Bocephus King, aka Jamie Perry, has spent time as a professional songwriter. So one thing that you can always count on with a Bocephus King record – five so far, as well as the latest Willie Dixon God Damn! (Tonic Records) – was/is near-faultless songcraft: tunes with beginnings, middles and ends, smart lyrics, sharp hooks, arrangements filled with subtle touches and dramatic flourishes.

Mind you, I’d forgotten about all this in the seven years between the last BK record, All Children Believe in Heaven, and this one. (A clue to that seven year gap might be found in “Acetylene Alley”: “I went down Acetylene Alley/With a blowtorch/I got burned”.) And so let’s just say that Willie Dixon God Damn! is a welcome return. Perry’s voice is an uncommon mix of grit and warmth, the hooks are plentiful, the songs varied in tone and temper and genre (there is even some Middle and Eastern Eastern noodling in parts).

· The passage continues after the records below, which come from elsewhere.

lemma monomial_mat_diag_mult:
  fixes \<xi> \<eta> :: "nat \<Rightarrow> 'a :: comm_semiring_1"
  shows "0 < p \<Longrightarrow> monomial_mat p \<xi> 0 * monomial_mat p \<eta> 0 = monomial_mat p (\<lambda>i. \<xi> i * \<eta> i) 0"
  by (simp add: monomial_mat_mult cong: monomial_mat_cong)

lemma Smat_eq_monomial_mat: "Smat p \<xi> = monomial_mat p \<xi> 0"
  by (rule eq_matI) (auto simp: Smat_def)

lemma one_mat_eq_monomial_mat: "1\<^sub>m p = monomial_mat p (\<lambda>_. 1) 0"
  by (rule eq_matI) auto

lemma smult_one_mat_eq_monomial_mat: "(a :: 'a :: semiring_1) \<cdot>\<^sub>m 1\<^sub>m p = monomial_mat p (\<lambda>_. a) 0"
  by (rule eq_matI) auto

lemma Xmat_eq_monomial_mat: "1 < p \<Longrightarrow> Xmat p = monomial_mat p (\<lambda>_. 1) 1"
  by (rule eq_matI) (auto simp: Xmat_def)

lemma Xmat_pow: "1 < p \<Longrightarrow> Xmat p ^\<^sub>m b = monomial_mat p (\<lambda>_. 1) (b mod p)"
  by (induction b) (simp_all add: one_mat_eq_monomial_mat Xmat_eq_monomial_mat monomial_mat_mult mod_Suc_eq)

lemma monomial_mat_diag_pow:
  fixes \<xi> :: "nat \<Rightarrow> 'a :: comm_semiring_1"
  shows "0 < p \<Longrightarrow> monomial_mat p \<xi> 0 ^\<^sub>m n = monomial_mat p (\<lambda>i. \<xi> i ^ n) 0"
  by (induction n) (simp_all add: one_mat_eq_monomial_mat monomial_mat_diag_mult mult.commute)

lemma monomial_mat_diag_pow_eq_one_iff:
  fixes \<xi> :: "nat \<Rightarrow> 'a :: comm_semiring_1"
  assumes "0 < p"
  shows "monomial_mat p \<xi> 0 ^\<^sub>m n = 1\<^sub>m p \<longleftrightarrow> (\<forall>i<p. \<xi> i ^ n = 1)"
  using monomial_mat_eqD[of p _ 0] assms
  by (auto simp: monomial_mat_diag_pow one_mat_eq_monomial_mat intro: monomial_mat_cong)

lemma monomial_mat_commute_diag:
  fixes \<eta> \<delta> :: "nat \<Rightarrow> 'a :: field"
  assumes c: "c < p" and "\<eta> c \<noteq> 0"
    and commute: "monomial_mat p \<eta> c * monomial_mat p \<delta> 0 = monomial_mat p \<delta> 0 * monomial_mat p \<eta> c"
  shows "\<delta> c = \<delta> 0"
proof -
  have "monomial_mat p (\<lambda>i. \<eta> i * \<delta> ((i + p - c) mod p)) c = monomial_mat p (\<lambda>i. \<delta> i * \<eta> i) c"
    using commute c by (simp add: monomial_mat_mult cong: monomial_mat_cong)
  from monomial_mat_eqD[OF this c c] show ?thesis
    using \<open>\<eta> c \<noteq> 0\<close> by simp
qed

lemma monomial_mat_diag_commute_cycle:
  fixes \<eta> \<tau> :: "nat \<Rightarrow> 'a :: field"
  assumes p: "1 < p" and \<tau>: "\<And>i. i < p \<Longrightarrow> \<tau> i \<noteq> 0"
    and commute: "monomial_mat p \<eta> 0 * monomial_mat p \<tau> 1 = monomial_mat p \<tau> 1 * monomial_mat p \<eta> 0"
    and i: "i < p"
  shows "\<eta> i = \<eta> 0"
proof -
  have eq: "monomial_mat p (\<lambda>i. \<eta> i * \<tau> i) 1 = monomial_mat p (\<lambda>i. \<tau> i * \<eta> ((i + p - 1) mod p)) 1"
    using commute p by (simp add: monomial_mat_mult cong: monomial_mat_cong)
  have step: "\<eta> i = \<eta> ((i + p - 1) mod p)" if "i < p" for i
    using monomial_mat_eqD[OF eq p that] \<tau>[OF that] by (simp add: mult.commute)
  show ?thesis
    using i
  proof (induction i)
    case (Suc i)
    then show ?case
      using step[OF Suc.prems] by simp
  qed simp
qed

Bocephus King aka Jamie Perry

Bocephus King aka Jamie Perry.

But all the tracks share Perry’s ingrained skill at penning a song. I love the way “The Beast In You” builds into something entirely different from its beginnings, and I love the sentiment behind “Broken Down Rock’n’Roll Machine”; “The Myth of Philadelphia” has an epic-ness that makes it the centrepiece of WGDM!, while the title track has a low-down junkyard feel. The second half loses some of the momentum as the tracks become slower and bluesier (and longer; “That’s Not Love” is over seven minutes, the dire “The Job” over six) , but the record ends with two of its strongest songs, “The Epiphany of the Saints” and “So Many Hells”.

Bocephus King remains an anomaly in the Vancouver music scene – a true songwriter who can’t be pigeon-holed, and who has steadfastedly followed his own weirdly digressive career path. It’s good to have him back.